**AIM OF THE EXERCISE:** Write down exactly the lines of the records below, beginning with the first and ending with the line that includes "by (simp add: Pcone_single eps_single)".

TASK INPUT: Begin

lemma contracting_homotopy_0_single:
  assumes g: "g \<in> hom 0 m"
  shows "Pd 1 m (Pcone 0 (Poly_Mapping.single g c)) + Poly_Mapping.single vertex0 (eps m (Poly_Mapping.single g c))
         = Poly_Mapping.single g (c :: 'k::field)"
proof -
  have m: "0 \<le> m"
    using hom_nonneg[OF g] by simp
  show ?thesis
  proof (cases "g 0 = 0")
    case True
    with hom_0_eq_vertex0[OF g] m show ?thesis
      by (simp add: Pcone_single eps_single)
  next
    case False
    have "Pd 1 m (Pcone 0 (Poly_Mapping.single g c)) = Pd 1 m (Poly_Mapping.single (cone 0 g) c)"
      using False by (simp add: Pcone_single)
    also have "\<dots> = Poly_Mapping.single g c - Poly_Mapping.single vertex0 c"
      using Pd_single[of 1 m "cone 0 g" c] cmp_cone_delta_0[of g 0 m] g cmp_cone_delta_1
      by (simp add: single_uminus)
    finally show ?thesis
      using m by (simp add: eps_single)
  qed
qed

lemma contracting_homotopy_0:
  assumes x: "x \<in> PV 0 m"
  shows "Pd 1 m (Pcone 0 x) + Poly_Mapping.single vertex0 (eps m x) = (x :: _ \<Rightarrow>\<^sub>0 'k::field)"
  by (rule additive_eq_by_singles[where S = "hom 0 m"])
     (use x contracting_homotopy_0_single in
       \<open>auto simp: mem_PV_iff Pd_add Pcone_add eps_add single_add algebra_simps\<close>)

lemma kernel_eq_image_by_homotopy:
  assumes "d ` B \<subseteq> A" "\<And>y. y \<in> B \<Longrightarrow> e (d y) = 0"
    and "h ` A \<subseteq> B" "\<And>x. x \<in> A \<Longrightarrow> e x = 0 \<Longrightarrow> d (h x) = x"
  shows "{x \<in> A. e x = 0} = d ` B"
proof (intro equalityI subsetI)
  fix x assume "x \<in> {x \<in> A. e x = 0}"
  with assms(3,4) show "x \<in> d ` B"
    by (metis (mono_tags, lifting) image_eqI image_subset_iff mem_Collect_eq)
qed (use assms in auto)

lemma exact_at_P0: "{x \<in> PV 0 m. (eps m x :: 'k::field) = 0} = Pd 1 m ` PV 1 m"
proof (rule kernel_eq_image_by_homotopy[where h = "Pcone 0"])
  show "Pd 1 m ` PV 1 m \<subseteq> PV 0 m"
    using Pd_PV[of 1 _ m] by auto
  show "Pcone 0 ` PV 0 m \<subseteq> PV 1 m"
    using Pcone_PV[of _ 0 m] by auto
  show "Pd 1 m (Pcone 0 x) = x" if "x \<in> PV 0 m" "eps m x = (0 :: 'k)" for x
    using contracting_homotopy_0[OF that(1)] that(2) by simp
qed (rule eps_Pd)

lemma exact_at_Pq:
  assumes "q \<ge> 1"
  shows "{x \<in> PV q m. Pd q m x = (0 :: _ \<Rightarrow>\<^sub>0 'k::field)} = Pd (q + 1) m ` PV (q + 1) m"
proof (rule kernel_eq_image_by_homotopy[where h = "Pcone q"])
  show "Pd (q + 1) m ` PV (q + 1) m \<subseteq> PV q m"
    using Pd_PV[of "q + 1" _ m] by auto
  show "Pd q m (Pd (q + 1) m y) = 0" for y :: "_ \<Rightarrow>\<^sub>0 'k"
    using Pd_Pd[of q m y] by simp
  show "Pcone q ` PV q m \<subseteq> PV (q + 1) m"
    using Pcone_PV[of _ q m] by auto
  show "Pd (q + 1) m (Pcone q x) = x" if "x \<in> PV q m" "Pd q m x = (0 :: _ \<Rightarrow>\<^sub>0 'k)" for x
    using contracting_homotopy[OF assms that(1)] that(2) by simp
qed

section \<open>Projectivity\<close>

lemma is_lmod_hom_comp:
  assumes "is_lmod_hom sc U A sc' V B eta" "is_lmod_hom sc' V B sc'' W C theta"
  shows "is_lmod_hom sc U A sc'' W C (\<lambda>n x. theta n (eta n x))"
  using assms unfolding is_lmod_hom_def by fastforce

lemma lmod_hom_from_P_eqI:
  fixes eta theta :: "int \<Rightarrow> ((nat \<Rightarrow> nat) \<Rightarrow>\<^sub>0 'k::field) \<Rightarrow> 'v::ab_group_add"
  assumes eta: "is_lmod_hom Psc (PV q) (PA q) sc V B eta"
    and theta: "is_lmod_hom Psc (PV q) (PA q) sc V B theta"
    and generator: "eta (int q) (Poly_Mapping.single (idm (int q)) 1)
                  = theta (int q) (Poly_Mapping.single (idm (int q)) 1)"
    and n: "n \<ge> -1" and x: "x \<in> PV q n"
  shows "eta n x = theta n x"
proof (rule additive_eq_by_singles[where S = "hom (int q) n"])
  let ?u = "Poly_Mapping.single (idm (int q)) (1 :: 'k)"
  have u: "?u \<in> PV q (int q)"
    by (rule single_in_PV) (rule idm_hom)
  have via_generator: "zeta n (Poly_Mapping.single f c) = sc c (B (int q) n f (zeta (int q) ?u))"
    if zeta: "is_lmod_hom Psc (PV q) (PA q) sc V B zeta" and f: "f \<in> hom (int q) n" for zeta f c
  proof -
    have "Poly_Mapping.single f c = Psc c (PA q (int q) n f ?u)"
      using f by (simp add: PA_single cmp_idm_right Psc_single)
    moreover have "PA q (int q) n f ?u \<in> PV q n"
      using u f by (rule PA_PV)
    ultimately show ?thesis
      using zeta f n u unfolding is_lmod_hom_def by simp
  qed
  fix f c assume "f \<in> hom (int q) n"
  then show "eta n (Poly_Mapping.single f c) = theta n (Poly_Mapping.single f c)"
    using via_generator[OF eta] via_generator[OF theta] generator by simp
qed (use eta theta n x in \<open>auto simp: is_lmod_hom_def mem_PV_iff\<close>)

lemma is_lmod_subspace:
  assumes "is_lmod sc V A" "n \<ge> -1"
  shows "module.subspace sc (V n)"
proof -
  from assms(1) have "\<forall>n\<ge>-1. module.subspace sc (V n)"
    unfolding is_lmod_def by (elim conjE)
  with assms(2) show ?thesis
    by blast
qed

lemma is_lmod_action:
  assumes "is_lmod sc V A" "m \<ge> -1" "n \<ge> -1" "f \<in> hom m n" "w \<in> V m" "w' \<in> V m"
  shows "A m n f w \<in> V n" "A m n f (w + w') = A m n f w + A m n f w'"
    "A m n f (sc c w) = sc c (A m n f w)"
proof -
  from assms(1) have "\<forall>m\<ge>-1. \<forall>n\<ge>-1. \<forall>f\<in>hom m n.
      (\<forall>x\<in>V m. A m n f x \<in> V n) \<and> (\<forall>x\<in>V m. \<forall>y\<in>V m. A m n f (x + y) = A m n f x + A m n f y) \<and>
      (\<forall>c. \<forall>x\<in>V m. A m n f (sc c x) = sc c (A m n f x))"
    unfolding is_lmod_def by (elim conjE)
  with assms(2-6) show "A m n f w \<in> V n" "A m n f (w + w') = A m n f w + A m n f w'"
    "A m n f (sc c w) = sc c (A m n f w)"
    by blast+
qed

lemma is_lmod_idm:
  assumes "is_lmod sc V A" "m \<ge> -1" "x \<in> V m"
  shows "A m m (idm m) x = x"
proof -
  from assms(1) have "\<forall>m\<ge>-1. \<forall>x\<in>V m. A m m (idm m) x = x"
    unfolding is_lmod_def by (elim conjE)
  with assms(2,3) show ?thesis
    by blast
qed

lemma is_lmod_cmp:
  assumes "is_lmod sc V A" "l \<ge> -1" "m \<ge> -1" "n \<ge> -1" "f \<in> hom l m" "g \<in> hom m n" "x \<in> V l"
  shows "A l n (cmp l g f) x = A m n g (A l m f x)"
proof -
  from assms(1) have "\<forall>l\<ge>-1. \<forall>m\<ge>-1. \<forall>n\<ge>-1. \<forall>f\<in>hom l m. \<forall>g\<in>hom m n. \<forall>x\<in>V l.
      A l n (cmp l g f) x = A m n g (A l m f x)"
    unfolding is_lmod_def by (elim conjE)
  with assms(2-7) show ?thesis
    by blast
qed

definition yoneda_ext ::
  "('k::field \<Rightarrow> 'v::ab_group_add \<Rightarrow> 'v) \<Rightarrow> (int \<Rightarrow> int \<Rightarrow> (nat \<Rightarrow> nat) \<Rightarrow> 'v \<Rightarrow> 'v) \<Rightarrow>
   nat \<Rightarrow> 'v \<Rightarrow> int \<Rightarrow> ((nat \<Rightarrow> nat) \<Rightarrow>\<^sub>0 'k) \<Rightarrow> 'v" where
  "yoneda_ext sc A q v n = free_ext (\<lambda>f c. sc c (A (int q) n f v))"

context
  fixes sc :: "'k::field \<Rightarrow> 'v::ab_group_add \<Rightarrow> 'v" and V A q v
  assumes lmod: "is_lmod sc V A" and v: "v \<in> V (int q)"
begin

interpretation module sc
  using lmod by (simp add: is_lmod_def module_iff_vector_space)

lemma yoneda_ext_single: "yoneda_ext sc A q v n (Poly_Mapping.single f c) = sc c (A (int q) n f v)"
  unfolding yoneda_ext_def by (rule free_ext_single) simp

lemma yoneda_ext_add: "yoneda_ext sc A q v n (x + y) = yoneda_ext sc A q v n x + yoneda_ext sc A q v n y"
  unfolding yoneda_ext_def by (rule free_ext_add) (simp add: scale_left_distrib)

lemma yoneda_ext_generator: "yoneda_ext sc A q v (int q) (Poly_Mapping.single (idm (int q)) 1) = v"
  using is_lmod_idm[OF lmod _ v] by (simp add: yoneda_ext_single)

lemma yoneda_ext_in_V:
  assumes n: "n \<ge> -1" and x: "x \<in> PV q n"
  shows "yoneda_ext sc A q v n x \<in> V n"
  unfolding yoneda_ext_def free_ext_def
proof (rule subspace_sum)
  show V_n: "subspace (V n)"
    using lmod n by (rule is_lmod_subspace)
  fix f assume "f \<in> Poly_Mapping.keys x"
  with x have "f \<in> hom (int q) n"
    by (auto simp: mem_PV_iff)
  with n v is_lmod_action(1)[OF lmod, of "int q" n f v v]
  show "sc (Poly_Mapping.lookup x f) (A (int q) n f v) \<in> V n"
    by (intro subspace_scale V_n) simp
qed

lemma yoneda_ext_natural:
  assumes m: "m \<ge> -1" and n: "n \<ge> -1" and f: "f \<in> hom m n" and x: "x \<in> PV q m"
  shows "yoneda_ext sc A q v n (PA q m n f x) = A m n f (yoneda_ext sc A q v m x)"
proof (rule additive_eq_by_singles[where S = "hom (int q) m"])
  fix g c assume g: "g \<in> hom (int q) m"
  have Agv: "A (int q) m g v \<in> V m"
    using is_lmod_action(1)[OF lmod _ m g v v] by simp
  show "yoneda_ext sc A q v n (PA q m n f (Poly_Mapping.single g c))
      = A m n f (yoneda_ext sc A q v m (Poly_Mapping.single g c))"
    using is_lmod_cmp[OF lmod _ m n g f v] is_lmod_action(3)[OF lmod m n f Agv Agv]
    by (simp add: PA_single yoneda_ext_single)
qed (use x yoneda_ext_in_V[OF m] is_lmod_action(2)[OF lmod m n f] in
      \<open>auto simp: PA_add yoneda_ext_add mem_PV_iff\<close>)

lemma is_lmod_hom_yoneda_ext: "is_lmod_hom Psc (PV q) (PA q) sc V A (yoneda_ext sc A q v)"
  unfolding is_lmod_hom_def
proof (intro conjI allI impI ballI)
  fix n and x :: "(nat \<Rightarrow> nat) \<Rightarrow>\<^sub>0 'k" assume n: "n \<ge> -1" and x: "x \<in> PV q n"
  show "yoneda_ext sc A q v n x \<in> V n"
    using n x by (rule yoneda_ext_in_V)
  show "yoneda_ext sc A q v n (x + y) = yoneda_ext sc A q v n x + yoneda_ext sc A q v n y" for y
    by (rule yoneda_ext_add)
  show "yoneda_ext sc A q v n (Psc c x) = sc c (yoneda_ext sc A q v n x)" for c
    by (rule additive_eq_by_singles[where S = UNIV])
       (simp_all only: Psc_add Psc_single yoneda_ext_add yoneda_ext_single scale_right_distrib
         scale_scale subset_UNIV)
next
  fix m n f and x :: "(nat \<Rightarrow> nat) \<Rightarrow>\<^sub>0 'k"
  assume "m \<ge> -1" "n \<ge> -1" "f \<in> hom m n" "x \<in> PV q m"
  then show "yoneda_ext sc A q v n (PA q m n f x) = A m n f (yoneda_ext sc A q v m x)"
    by (rule yoneda_ext_natural)
qed

end

lemma lifts_against_P:
  assumes M: "is_lmod scM VM AM" and p: "is_lmod_epi scM VM AM scN VN AN p"
  shows "lifts_against (Psc :: 'k::field \<Rightarrow> _) (PV q) (PA q) scM VM AM scN VN AN p"
  unfolding lifts_against_def
proof (intro allI impI)
  fix g assume g: "is_lmod_hom (Psc :: 'k \<Rightarrow> _) (PV q) (PA q) scN VN AN g"
  let ?u = "Poly_Mapping.single (idm (int q)) (1 :: 'k)"
  have u: "?u \<in> PV q (int q)"
    by (rule single_in_PV) (rule idm_hom)
  with g have "g (int q) ?u \<in> VN (int q)"
    unfolding is_lmod_hom_def by simp
  moreover have "p (int q) ` VM (int q) = VN (int q)"
    using p unfolding is_lmod_epi_def by simp
  ultimately obtain v where v: "v \<in> VM (int q)" and pv: "p (int q) v = g (int q) ?u"
    by (metis imageE)
  have p_hom: "is_lmod_hom scM VM AM scN VN AN p"
    using p by (simp add: is_lmod_epi_def)
  let ?h = "yoneda_ext scM AM q v"
  have h: "is_lmod_hom Psc (PV q) (PA q) scM VM AM ?h"
    using M v by (rule is_lmod_hom_yoneda_ext)
  have "p n (?h n x) = g n x" if "n \<ge> -1" "x \<in> PV q n" for n x
  proof (rule lmod_hom_from_P_eqI[OF is_lmod_hom_comp[OF h p_hom] g _ that])
    show "p (int q) (?h (int q) ?u) = g (int q) ?u"
      by (simp add: yoneda_ext_generator[OF M v] pv)
  qed
  with h show "\<exists>h. is_lmod_hom Psc (PV q) (PA q) scM VM AM h \<and> (\<forall>n\<ge>-1. \<forall>x\<in>PV q n. p n (h n x) = g n x)"
    by blast
qed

TASK INPUT: End

**REPLY TO THE EXERCISE:**
lemma contracting_homotopy_0_single:
  assumes g: "g \<in> hom 0 m"
  shows "Pd 1 m (Pcone 0 (Poly_Mapping.single g c)) + Poly_Mapping.single vertex0 (eps m (Poly_Mapping.single g c))
         = Poly_Mapping.single g (c :: 'k::field)"
proof -
  have m: "0 \<le> m"
    using hom_nonneg[OF g] by simp
  show ?thesis
  proof (cases "g 0 = 0")
    case True
    with hom_0_eq_vertex0[OF g] m show ?thesis
      by (simp add: Pcone_single eps_single)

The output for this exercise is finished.